The accused seemed to have an air of magic about him. Trying to take him off guard, President de Mansencal asked him how he had invoked the evil spirit that taught him so much about the people of Artigat. [Jean de] Coras said that he paled and for once hesitated, to the judge a sure sign of guilt. This reaction, I think, may have resulted not only from the defendant’s sense of danger, but also from anger that his natural skills were being so misrepresented.

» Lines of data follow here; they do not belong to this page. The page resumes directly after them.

lemma prod_image_remove:
  assumes "inj_on t I" "i \<in> I"
  shows "(\<Prod>y\<in>t ` I - {t i}. g y) = (\<Prod>k\<in>I-{i}. g (t k))"
proof -
  have "t ` I - {t i} = t ` (I - {i})" using assms by (auto simp: inj_on_def)
  moreover have "inj_on t (I - {i})" using assms by (auto simp: inj_on_def)
  ultimately show ?thesis by (simp add: prod.reindex)
qed

lemma lagrange_leading_coeff_indexed:
  fixes f :: "'a::field poly"
  assumes I: "finite I" and inj: "inj_on t I" and deg: "degree f < card I"
  shows "(\<Sum>i\<in>I. poly f (t i) / (\<Prod>k\<in>I-{i}. t i - t k)) = coeff f (card I - 1)"
  using lagrange_leading_coeff[of "t ` I" f] I deg
  by (simp add: card_image[OF inj] sum.reindex[OF inj] prod_image_remove[OF inj])

definition monic_root_sum :: "'a::comm_ring_1 poly \<Rightarrow> nat \<Rightarrow> 'a \<Rightarrow> bool" where
  "monic_root_sum p d s \<longleftrightarrow> degree p = d \<and> coeff p d = 1 \<and> (if d = 0 then s = 0 else coeff p (d - 1) = - s)"

lemma monic_root_sum_linear_mult:
  fixes p :: "'a::idom poly"
  assumes "monic_root_sum p d s"
  shows "monic_root_sum ([:-a, 1:] * p) (d + 1) (s + a)"
proof -
  have p: "p \<noteq> 0" using assms by (auto simp: monic_root_sum_def)
  have eq: "[:-a, 1:] * p = smult (-a) p + pCons 0 p" by (simp add: mult_pCons_left)
  have "degree ([:-a, 1:] * p) = d + 1"
    using p assms by (subst degree_mult_eq) (auto simp: monic_root_sum_def)
  moreover have "coeff ([:-a, 1:] * p) (d + 1) = 1"
    unfolding eq using assms by (simp add: monic_root_sum_def coeff_eq_0)
  moreover have "coeff ([:-a, 1:] * p) d = - (s + a)"
    unfolding eq using assms by (cases d) (auto simp: monic_root_sum_def)
  ultimately show ?thesis by (simp add: monic_root_sum_def)
qed

lemma monic_root_sum_prod:
  fixes r :: "'b \<Rightarrow> 'a::idom"
  assumes "finite K"
  shows "monic_root_sum (\<Prod>k\<in>K. [:-r k, 1:]) (card K) (\<Sum>k\<in>K. r k)"
  using assms
proof (induction K rule: finite_induct)
  case empty
  then show ?case by (simp add: monic_root_sum_def)
next
  case (insert k K)
  then show ?case using monic_root_sum_linear_mult[OF insert.IH, of "r k"] by (simp add: add.commute)
qed

lemma lagrange_sum_monic_deg_less:
  fixes f :: "'a::field poly"
  assumes "finite I" "inj_on t I" "monic_root_sum f d s" "d + 1 = card I"
  shows "(\<Sum>i\<in>I. poly f (t i) / (\<Prod>k\<in>I-{i}. t i - t k)) = 1"
  using lagrange_leading_coeff_indexed[OF assms(1,2), of f] assms(3,4)
  by (simp add: monic_root_sum_def flip: assms(4))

But eventually, this standoff could not go on forever. Du Tilh was found guilty of ‘imposture and false supposition of name and person and of adultery’. He was sentenced to death.
***
Why does this story remain so popular? What is it that appeals to us about this case? When Jean de Coras wrote his account of the trial, Arrest Memorable, he did not do so for entirely commercial reasons, but because he saw something deeper in it. All this interest cannot be put down to its peculiarity, though that is a factor. And nor, I think, can its success be attributed to wish-fulfilment, the notion of simply leaving one’s life and picking up where someone else left off. Instead, I think what appeals to us about the case of Martin Guerre has as much to do with our understanding of identity as anything else. It speaks about much of what makes us individuals, and how this relates to our interactions with others.

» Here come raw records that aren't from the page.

(* Let $T=(p,q:F\to E)$ be an LR textile system with $p$ surjective and $F$ source-free, and let $\Lambda=\Lambda_T$. Suppose that for each $z\in E^0$ we have a partition $\{\mathcal E^1_z,\dots,\mathcal E^{m(z)}_z\}$ of $zE^1$ into nonempty sets such that for each $u\in F^0$ there are $z\in E^0$ and $j$ with $q(uF^1)\subseteq\mathcal E^j_z$. For $v\in F^0$, $1\le i\le m(p(v))$, set $\mathcal F^i_v=vF^1\cap p^{-1}(\mathcal E^i_{p(v)})$, and for $z\in E^0$, $1\le i\le m(z)$, set $\mathcal G^i_z=\mathcal E^i_z\sqcup r_F(q^{-1}(\mathcal E^i_z))$. Let $\widetilde F$ be the directed-graph insplit of $F$ with respect to $\{\mathcal F^i_v\}$ and $\widetilde E$ that of $E$ with respect to $\{\mathcal E^i_z\}$, and define $\tilde p(v^i)=p(v)^i$, $\tilde p(\lambda^i)=p(\lambda)^i$, $\tilde q(v^i)=q(v)^j$, $\tilde q(\lambda^i)=q(\lambda)^j$ for $\lambda\in F^1$, $v\in F^0$, where (for $\lambda$) $v=s(\lambda)$ and $j$ is the index with $q(vF^1)\subseteq\mathcal E^j_{q(v)}$. Then (1) $\{\mathcal F^i_v\}$ is a partition of $F^1$ into nonempty sets, $\tilde p,\tilde q:\widetilde F\to\widetilde E$ are well-defined graph homomorphisms and $\widetilde T=(\tilde p,\tilde q:\widetilde F\to\widetilde E)$ is an LR textile system; (2) $\{\mathcal G^i_z\}$ is a partition of $\Lambda^1=E^1\sqcup F^0$ satisfying the pairing condition; (3) the 2-graph $\Lambda_{\widetilde T}$ coincides with the 2-graph $\Lambda_I$ obtained by 2-graph insplitting $\Lambda$ with respect to $\{\mathcal G^i_z\}$.
   Context: Directed graph $E=(E^0,E^1,r,s)$, $zE^1=r^{-1}(z)$; $F$ source-free: $r$ onto $F^0$. Textile system $T=(p,q:F\to E)$: graph homomorphisms $p,q$ (commuting with $r,s$) with $f\mapsto(r(f),p(f),s(f),q(f))$ injective on $F^1$. LR: $p$ has unique $r$-path lifting (for $v\in F^0,e\in E^1$ with $p(v)=r(e)$, exactly one $f\in F^1$ with $r(f)=v,p(f)=e$) and $q$ has unique $s$-path lifting (same with $s$). Directed-graph insplitting: with partitions of $vF^1$ into nonempty $\mathcal F^1_v,\dots,\mathcal F^{m(v)}_v$, the insplit graph has vertices $v^i$, edges $f^j$ ($1\le j\le m(s(f))$), $s(f^j)=s(f)^j$, $r(f^j)=r(f)^k$ if $f\in\mathcal F^k_{r(f)}$. 2-graph: category $\Lambda$ with degree functor $d:\Lambda\to\mathbb N^2$ having unique factorization; $\Lambda^m=d^{-1}(m)$; $\lambda(m,n)$ is the factor of degree $n-m$ at position $[m,n]$; determined by its 1-skeleton and commuting squares. $\Lambda_T$: vertices $E^0$, color-1 edges $E^1$, color-2 edges $F^0$ with $r(w)=q(w)$, $s(w)=p(w)$; commuting squares $ve\sim e'w$ iff some $f\in F^1$ has $r(f)=v,s(f)=w,p(f)=e,q(f)=e'$. The pairing condition for a partition $\{\mathcal G^j_z\}$ of $\Lambda^1$ (with $\{\mathcal G^j_z\}_j$ a partition of the edges with range $z$): for every $\lambda\in\Lambda^{\varepsilon_1+\varepsilon_2}$, $\lambda(0,\varepsilon_1)$ and $\lambda(0,\varepsilon_2)$ are in the same set. Insplit 2-graph $\Lambda_I$: vertices $z^i$; edges $f^i$ ($1\le i\le m(s(f))$), same degree, $s(f^i)=s(f)^i$, $r(f^i)=r(f)^j$ where $f\in\mathcal G^j_{r(f)}$; commuting squares $f^ig^k\sim_I a^jb^k$ iff $g\in\mathcal G^i_{s(f)}$, $b\in\mathcal G^j_{s(a)}$, $fg\sim ab$ in $\Lambda$. "Coincides" means: same vertices $z^i$, same edges $e^i$ and $v^i$ with same degree, range, source and same commuting squares. *)

theory Defs
  imports "Graph_Theory.Digraph"
begin
lemma differentiable_partial_derivatives:
  assumes "(\<lambda>z. G (fst z) (snd z)) differentiable (at (a, b))"
  shows "((\<lambda>s. G s b) has_real_derivative pt G a b) (at a)"
    and "((\<lambda>y. G a y) has_real_derivative px G a b) (at b)"
proof -
  obtain D where D: "((\<lambda>z. G (fst z) (snd z)) has_derivative D) (at (a, b))"
    using assms differentiable_def by blast
  show "((\<lambda>s. G s b) has_real_derivative pt G a b) (at a)"
    using has_derivative_partials(1)[OF D] by (simp add: pt_def DERIV_imp_deriv)
  show "((\<lambda>y. G a y) has_real_derivative px G a b) (at b)"
    using has_derivative_partials(2)[OF D] by (simp add: px_def DERIV_imp_deriv)
qed

lemma MVT_symmetric:
  fixes \<phi> \<phi>' :: "real \<Rightarrow> real"
  assumes "h \<noteq> 0" and "\<And>s. \<bar>s - t\<bar> \<le> \<bar>h\<bar> \<Longrightarrow> (\<phi> has_real_derivative \<phi>' s) (at s)"
  shows "\<exists>\<xi>. \<bar>\<xi> - t\<bar> \<le> \<bar>h\<bar> \<and> \<phi> (t + h) - \<phi> t = h * \<phi>' \<xi>"
proof (cases "h > 0")
  case True
  then obtain \<xi> where "t < \<xi>" "\<xi> < t + h" "\<phi> (t + h) - \<phi> t = (t + h - t) * \<phi>' \<xi>"
    using MVT2[of t "t + h" \<phi> \<phi>'] assms by force
  then show ?thesis by (intro exI[of _ \<xi>]) auto
next
  case False
  with assms(1) obtain \<xi> where "t + h < \<xi>" "\<xi> < t" "\<phi> t - \<phi> (t + h) = (t - (t + h)) * \<phi>' \<xi>"
    using MVT2[of "t + h" t \<phi> \<phi>'] assms by force
  then show ?thesis by (intro exI[of _ \<xi>]) (auto simp: algebra_simps)
qed

definition mixed_difference :: "(real \<Rightarrow> real \<Rightarrow> real) \<Rightarrow> real \<Rightarrow> real \<Rightarrow> real \<Rightarrow> real" where
  "mixed_difference F t x h = F (t + h) (x + h) - F (t + h) x - F t (x + h) + F t x"

lemma mixed_difference_swap: "mixed_difference (\<lambda>y s. F s y) x t h = mixed_difference F t x h"
  by (simp add: mixed_difference_def)

lemma mixed_difference_mean_value:
  assumes "h \<noteq> 0"
    and "\<And>s y. \<bar>s - t\<bar> \<le> \<bar>h\<bar> \<Longrightarrow> y \<in> {x, x + h} \<Longrightarrow> ((\<lambda>s. F s y) has_real_derivative Ft s y) (at s)"
  obtains \<xi> where "\<bar>\<xi> - t\<bar> \<le> \<bar>h\<bar>" "mixed_difference F t x h = h * (Ft \<xi> (x + h) - Ft \<xi> x)"
proof -
  have "\<exists>\<xi>. \<bar>\<xi> - t\<bar> \<le> \<bar>h\<bar> \<and>
      (F (t + h) (x + h) - F (t + h) x) - (F t (x + h) - F t x) = h * (Ft \<xi> (x + h) - Ft \<xi> x)"
    using assms by (intro MVT_symmetric DERIV_diff) auto
  then show thesis
    using that unfolding mixed_difference_def by (auto simp: algebra_simps)
qed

When Emmanuel Le Roy Ladurie wrote Montaillou, he showed that even the most seemingly insignificant lives can have meaning: personally, intellectually, and historically. People mattered; people matter. Illiterate peasants matter; their lives were not trivial but important, their struggles not insignificant but vital. This story, though it is superficially similar, has a different implication for the same idea. Though we are all important – the heroes of our own stories, if you will – that importance is derived from other factors. That someone else could potentially supplant us, walking into our lives and simply taking over from where we left off, is a remarkable thought, all the more interesting because it is so frightening. This story – the story of Martin Guerre – is so fascinating because it contains the reminder that, in a favourable set of circumstances, we could cease being ourselves, and someone else could very easily assume that mantle.